Ex-delegado brasiliense Laerte Bessa levanta a
bandeira da redução da maioridade penal por acreditar que, aos 16 anos, o jovem
tem conhecimento suficiente para saber o que faz
De volta este ano à Câmara dos
Deputados, o ex-delegado brasiliense Laerte Bessa levanta a bandeira da redução
da maioridade penal por acreditar que, aos 16 anos, o jovem tem conhecimento
suficiente para saber o que faz. “A evolução da sociedade, com o poder da
internet, a própria globalização da educação, isso tudo fortalece a
pessoa humana. E o moleque, com toda essa informação a seu favor, não
pode mais ser considerado um menor com 16 anos”, opina. O deputado federal
critica a postura dos deputados do PT e até da presidente da República, Dilma
Rousseff, contrários à alteração e denuncia: 34% dos homicídios foram cometidos
por menores.
Como está
avançando a tentativa de reduzir a maioridade penal?
Tem sido uma
luta, principalmente porque temos encontrado problemas com deputados,
principalmente do PT. E o governo federal tem tentado influenciar nessa questão
e isso tem dificultado nosso trabalho. A presidente da República, ao invés de
cuidar do povo brasileiro, se mete em um poder autônomo, que é o Legislativo,
em um caso em que a população se manifesta e exige que o Congresso vote. Tudo
que é bom, ela é contra.
Por que
reduzir a maioridade penal?
Eu entendo
hoje que a comunicação hoje está altamente massificada. A evolução da
sociedade, com o poder da internet, da informação, a própria globalização da
educação, isso tudo vem fortalecer a pessoa humana. E o moleque hoje, com toda
essa informação a seu favor, não pode mais ser considerado um menor com 16 anos.

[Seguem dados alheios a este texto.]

lemma finite_tuples: "finite (tuples n)"
proof (rule finite_subset)
  show "tuples n \<subseteq> {a. \<forall>k. (k \<in> {1..n} \<longrightarrow> a k \<in> {0..n}) \<and> (k \<notin> {1..n} \<longrightarrow> a k = 0)}"
    using tuples_le tuples_zero_outside by auto
  show "finite {a. \<forall>k. (k \<in> {1..n} \<longrightarrow> a k \<in> {0..n}) \<and> (k \<notin> {1..n} \<longrightarrow> a k = 0)}"
    by (rule finite_set_of_finite_funs) auto
qed

lemma tuples_0: "tuples 0 = {\<lambda>_. 0}"
  by (auto simp: tuples_def)

lemma tuples_sum_extend:
  assumes "a \<in> tuples m" and "m \<le> N" and "\<And>j. a j = 0 \<Longrightarrow> g j = 0"
  shows "sum g {1..N} = sum g {1..m}"
  by (intro sum.mono_neutral_right ballI assms(3) tuples_zero_outside[OF assms(1)]) (use assms(2) in auto)

lemma tuples_prod_extend:
  assumes "a \<in> tuples m" and "m \<le> N" and "\<And>j. a j = 0 \<Longrightarrow> g j = 1"
  shows "prod g {1..N} = prod g {1..m}"
  by (intro prod.mono_neutral_right ballI assms(3) tuples_zero_outside[OF assms(1)]) (use assms(2) in auto)

lemma tuples_weight_extend:
  assumes "a \<in> tuples m" and "m \<le> N"
  shows "(\<Sum>j=1..N. j * a j) = m"
proof -
  have "(\<Sum>j=1..N. j * a j) = (\<Sum>j=1..m. j * a j)"
    by (rule tuples_sum_extend[OF assms]) simp
  then show ?thesis
    using assms(1) by (simp add: tuples_def)
qed

lemma tuples_iff_weight:
  assumes "m \<le> N" and supp: "\<And>j. j \<notin> {1..N} \<Longrightarrow> a j = 0"
  shows "a \<in> tuples m \<longleftrightarrow> (\<Sum>j=1..N. j * a j) = m"
proof
  assume "a \<in> tuples m"
  then show "(\<Sum>j=1..N. j * a j) = m"
    using assms(1) by (rule tuples_weight_extend)
next
  assume weight: "(\<Sum>j=1..N. j * a j) = m"
  have supp_m: "a j = 0" if "j \<notin> {1..m}" for j
  proof (rule ccontr)
    assume nz: "a j \<noteq> 0"
    then have j: "j \<in> {1..N}" using supp by meson
    have "j \<le> j * a j" using nz by simp
    also have "\<dots> \<le> m" using weight member_le_sum[of j "{1..N}" "\<lambda>j. j * a j"] j by simp
    finally show False using that j by simp
  qed
  have "(\<Sum>j=1..N. j * a j) = (\<Sum>j=1..m. j * a j)"
    by (intro sum.mono_neutral_right ballI) (use assms(1) supp_m in auto)
  then show "a \<in> tuples m"
    using weight supp_m by (simp add: tuples_def)
qed

lemma fun_upd_in_tuples:
  assumes a: "a \<in> tuples m" and k: "k \<in> {1..N}" and "m \<le> N" and "m' \<le> N"
    and weight_change: "m + k * v = m' + k * a k"
  shows "a(k := v) \<in> tuples m'"
proof -
  have "(\<Sum>j=1..N. j * (a(k := v)) j) = k * v + (\<Sum>j\<in>{1..N} - {k}. j * a j)"
    by (rule sum_fun_upd_remove) (use k in auto)
  moreover have "m = (\<Sum>j=1..N. j * a j)"
    using tuples_weight_extend[OF a \<open>m \<le> N\<close>] by simp
  moreover have "\<dots> = k * a k + (\<Sum>j\<in>{1..N} - {k}. j * a j)"
    by (rule sum.remove) (use k in auto)
  ultimately have weight: "(\<Sum>j=1..N. j * (a(k := v)) j) = m'"
    using weight_change by linarith
  have supp: "(a(k := v)) j = 0" if "j \<notin> {1..N}" for j
    using that k tuples_zero_outside[OF a] \<open>m \<le> N\<close> by auto
  show ?thesis
    using tuples_iff_weight[where a = "a(k := v)", OF \<open>m' \<le> N\<close> supp] weight by simp
qed

lemma bij_betw_tuples_increment:
  assumes k: "k \<in> {1..n}"
  shows "bij_betw (\<lambda>b. b(k := Suc (b k))) (tuples (n - k)) {a \<in> tuples n. a k \<noteq> 0}"
proof (rule bij_betw_byWitness[where f' = "\<lambda>a. a(k := a k - 1)"])
  show "(\<lambda>b. b(k := Suc (b k))) ` tuples (n - k) \<subseteq> {a \<in> tuples n. a k \<noteq> 0}"
  proof (rule image_subsetI)
    fix b assume "b \<in> tuples (n - k)"
    then have "b(k := Suc (b k)) \<in> tuples n"
      by (rule fun_upd_in_tuples) (use k in auto)
    then show "b(k := Suc (b k)) \<in> {a \<in> tuples n. a k \<noteq> 0}"
      by simp
  qed
  show "(\<lambda>a. a(k := a k - 1)) ` {a \<in> tuples n. a k \<noteq> 0} \<subseteq> tuples (n - k)"
  proof (rule image_subsetI)
    fix a assume "a \<in> {a \<in> tuples n. a k \<noteq> 0}"
    then obtain c where a: "a \<in> tuples n" and c: "a k = Suc c"
      using not0_implies_Suc by auto
    show "a(k := a k - 1) \<in> tuples (n - k)"
      by (rule fun_upd_in_tuples[OF a k]) (use k c in auto)
  qed
qed auto

section \<open>The exponential recurrence\<close>

definition tuple_length :: "nat \<Rightarrow> (nat \<Rightarrow> nat) \<Rightarrow> nat" where
  "tuple_length n a = (\<Sum>k=1..n. a k)"

definition tuple_monomial :: "(nat \<Rightarrow> HR) \<Rightarrow> nat \<Rightarrow> (nat \<Rightarrow> nat) \<Rightarrow> HR" where
  "tuple_monomial X n a = const (1 / of_nat (\<Prod>k=1..n. fact (a k))) * (\<Prod>k=1..n. X k ^ a k)"

lemma Psi_eq_sum_tuple_monomial: "Psi n X = (\<Sum>a\<in>tuples n. tuple_monomial X n a)"
  by (simp add: Psi_def tuple_monomial_def)

lemma tuple_length_le:
  assumes "a \<in> tuples n"
  shows "tuple_length n a \<le> n"
proof -
  have "tuple_length n a \<le> (\<Sum>k=1..n. k * a k)"
    unfolding tuple_length_def by (rule sum_mono) simp
  then show ?thesis
    using assms by (simp add: tuples_def)
qed

lemma tuple_length_pos:
  assumes "a \<in> tuples n" and "n \<noteq> 0"
  shows "tuple_length n a \<noteq> 0"
proof
  assume "tuple_length n a = 0"
  then have "(\<Sum>k=1..n. k * a k) = 0"
    by (simp add: tuple_length_def)
  then show False
    using assms by (simp add: tuples_def)
qed

lemma tuple_length_increment:
  assumes b: "b \<in> tuples (n - k)" and k: "k \<in> {1..n}"
  shows "tuple_length n (b(k := Suc (b k))) = Suc (tuple_length (n - k) b)"
proof -
  have "tuple_length n (b(k := Suc (b k))) = Suc (b k) + (\<Sum>j\<in>{1..n} - {k}. b j)"
    unfolding tuple_length_def by (rule sum_fun_upd_remove) (use k in auto)
  moreover have "tuple_length (n - k) b = b k + (\<Sum>j\<in>{1..n} - {k}. b j)"
  proof -
    have "tuple_length (n - k) b = (\<Sum>j=1..n. b j)"
      unfolding tuple_length_def by (rule tuples_sum_extend[OF b, symmetric]) auto
    also have "\<dots> = b k + (\<Sum>j\<in>{1..n} - {k}. b j)"
      by (rule sum.remove) (use k in auto)
    finally show ?thesis .
  qed
  ultimately show ?thesis
    by simp
qed

lemma tuple_monomial_extend:
  assumes "a \<in> tuples m" and "m \<le> N"
  shows "tuple_monomial X N a = tuple_monomial X m a"
proof -
  have "(\<Prod>k=1..N. fact (a k)) = (\<Prod>k=1..m. fact (a k) :: nat)"
    by (rule tuples_prod_extend[OF assms]) simp
  moreover have "(\<Prod>k=1..N. X k ^ a k) = (\<Prod>k=1..m. X k ^ a k)"
    by (rule tuples_prod_extend[OF assms]) simp
  ultimately show ?thesis
    unfolding tuple_monomial_def by simp
qed

lemma tuple_monomial_increment:
  assumes b: "b \<in> tuples (n - k)" and k: "k \<in> {1..n}"
  shows "of_nat (Suc (b k)) * tuple_monomial X n (b(k := Suc (b k))) = X k * tuple_monomial X (n - k) b"
proof -
  define F where "F = (\<Prod>j\<in>{1..n} - {k}. fact (b j) :: nat)"
  define Q where "Q = (\<Prod>j\<in>{1..n} - {k}. X j ^ b j)"
  have "fact (Suc (b k)) * F = Suc (b k) * (fact (b k) * F)"
    by (simp add: algebra_simps)
  then have coeff: "(of_nat (Suc (b k)) :: rat) * (1 / of_nat (fact (Suc (b k)) * F)) = 1 / of_nat (fact (b k) * F)"
    by (simp only: of_nat_mult[of "Suc (b k)"]) (simp del: of_nat_Suc of_nat_mult)
  have facts_inc: "(\<Prod>j=1..n. fact ((b(k := Suc (b k))) j)) = fact (Suc (b k)) * F"
    unfolding F_def by (rule prod_fun_upd_remove) (use k in auto)
  have powers_inc: "(\<Prod>j=1..n. X j ^ (b(k := Suc (b k))) j) = X k ^ Suc (b k) * Q"
    unfolding Q_def by (rule prod_fun_upd_remove) (use k in auto)
  have facts: "(\<Prod>j=1..n. fact (b j)) = fact (b k) * F"
    unfolding F_def by (rule prod.remove) (use k in auto)
  have powers: "(\<Prod>j=1..n. X j ^ b j) = X k ^ b k * Q"
    unfolding Q_def by (rule prod.remove) (use k in auto)
  have "of_nat (Suc (b k)) * tuple_monomial X n (b(k := Suc (b k)))
      = const (of_nat (Suc (b k)) * (1 / of_nat (fact (Suc (b k)) * F))) * (X k ^ Suc (b k) * Q)"
    unfolding tuple_monomial_def facts_inc powers_inc by (simp only: mult.assoc[symmetric] of_nat_mult_const)
  also have "\<dots> = X k * tuple_monomial X n b"
    unfolding tuple_monomial_def facts powers coeff by (simp only: power_Suc mult_ac)
  also have "\<dots> = X k * tuple_monomial X (n - k) b"
    using tuple_monomial_extend[OF b, of n] by simp
  finally show ?thesis .
qed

A pessoa com 16 anos tem perfeito entendimento do ato ilícito que venha a
cometer. O cara de 16 anos sabe muito bem o que é certo e errado, ele sabe
votar, pode eleger o mandatário maior do nosso País. Porque não pode responder
criminalmente por seus atos ilícitos? Dizer que um menor de 16 anos é
adolescente é balela.
Mas eles
não seriam responsáveis por parcela relativamente pequena da violência no País?
Isso é coisa
de esquerdistas que têm interesse em que o País se mantenha com essa violência.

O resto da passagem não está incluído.